People make Glasgow is the city’s famous slogan and it sums the place up perfectly.

But the sentiment is also evident in Vets Now’s emergency and specialty hospital in Glasgow, according to Dan Lewis, who is an American, European and RCVS-recognised specialist in emergency and critical care.

Thanks to a £1.5 million investment, it’s set to become of the most advanced facilities of its kind in Europe, and will soon feature a custom-built intensive care unit, an entire floor dedicated to emergency and critical care and a specialist oncology treatment area.

However, Dan, 46, believes what will continue to set the hospital apart – aside from the state-of-the-art equipment – are the people who work there.

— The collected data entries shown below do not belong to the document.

(* Let $(X_n)_{n\in\mathbb Z}$ be the fractionally integrated noise F($d$) with $d\in(0,1/2)$. For $k\ge1$ let $\widetilde{X'_k}(1)=-\sum_{j=1}^{k}a_jX_{k+1-j}$. Then there exists a constant $C>0$, depending only on $d$ and $\sigma_\varepsilon^2$, such that $$\mathbb{E}\big[(X_{k+1}-\widetilde{X'_k}(1))^2\big]=\sigma_\varepsilon^2+Ck^{-1}+o(k^{-1})\qquad(k\to\infty).$$
   Context: Fractionally integrated noise F($d$), $d\in(0,1/2)$, is the stationary solution of $X_n=(1-B)^{-d}\varepsilon_n$. Here $B$ is the backward shift and $(\varepsilon_n)_{n\in\mathbb Z}$ is a sequence of uncorrelated random variables with mean $0$ and variance $\sigma_\varepsilon^2>0$. Equivalently, $X_n=\sum_{j\ge0}b_j\varepsilon_{n-j}$ with $b_j=\frac{\Gamma(j+d)}{\Gamma(j+1)\Gamma(d)}$, and $\varepsilon_n=\sum_{j\ge0}a_jX_{n-j}$ with $a_0=1$ and $a_j=\frac{\Gamma(j-d)}{\Gamma(j+1)\Gamma(-d)}$ for $j\ge1$. Its autocovariance is $\sigma(j)=\sigma_\varepsilon^2\frac{(-1)^j\Gamma(1-2d)}{\Gamma(j-d+1)\Gamma(1-j-d)}$ for $j\ge0$. *)

theory Defs
  imports "HOL-Probability.Probability" "HOL-Library.Landau_Symbols"
begin

definition fi_b :: "real \<Rightarrow> nat \<Rightarrow> real" where
  "fi_b d j = Gamma (real j + d) / (Gamma (real j + 1) * Gamma d)"

definition fi_a :: "real \<Rightarrow> nat \<Rightarrow> real" where
  "fi_a d j = (if j = 0 then 1 else Gamma (real j - d) / (Gamma (real j + 1) * Gamma (- d)))"

text \<open>(eps_n) is uncorrelated with mean 0 and variance s2, and X_n is the
  stationary solution of X = (1-B)^(-d) eps, i.e. the L2-limit
  X_n = sum_{j>=0} b_j eps_{n-j}.\<close>
definition fi_noise ::
  "'a measure \<Rightarrow> real \<Rightarrow> real \<Rightarrow> (int \<Rightarrow> 'a \<Rightarrow> real) \<Rightarrow> (int \<Rightarrow> 'a \<Rightarrow> real) \<Rightarrow> bool" where
  "fi_noise M d s2 eps X \<longleftrightarrow>
     prob_space M \<and>
     (\<forall>n. eps n \<in> borel_measurable M \<and> integrable M (\<lambda>\<omega>. (eps n \<omega>)\<^sup>2) \<and>
          (\<integral>\<omega>. eps n \<omega> \<partial>M) = 0 \<and> (\<integral>\<omega>. (eps n \<omega>)\<^sup>2 \<partial>M) = s2) \<and>
     (\<forall>m n. m \<noteq> n \<longrightarrow> (\<integral>\<omega>. eps m \<omega> * eps n \<omega> \<partial>M) = 0) \<and>
     (\<forall>n. X n \<in> borel_measurable M \<and> integrable M (\<lambda>\<omega>. (X n \<omega>)\<^sup>2) \<and>
          ((\<lambda>m. \<integral>\<omega>. (X n \<omega> - (\<Sum>j<m. fi_b d j * eps (n - int j) \<omega>))\<^sup>2 \<partial>M)
             \<longlonglongrightarrow> 0))"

“Everyone in the hospital, from front of house to senior vets, work really well together”, said Dan, who grew up in a rural part of mid-Wales and now lives in the Lake District with his wife and two children.

“There is a collegiate atmosphere. Everyone goes out of their way to help, both clinically and in other areas, and the refurbishment gives us the scope to work even more collaboratively, helping the hospital to reach its potential.”

Image of Dan Lewis of Vets Now Glasgow hospital
Dan is one of two internationally-renowned ECC specialists based in Glasgow

Refer a case

Dan works alongside residency-trained referral clinician Kerry Doolin ensuring any critical cases rushed through the doors receive expert emergency veterinary care.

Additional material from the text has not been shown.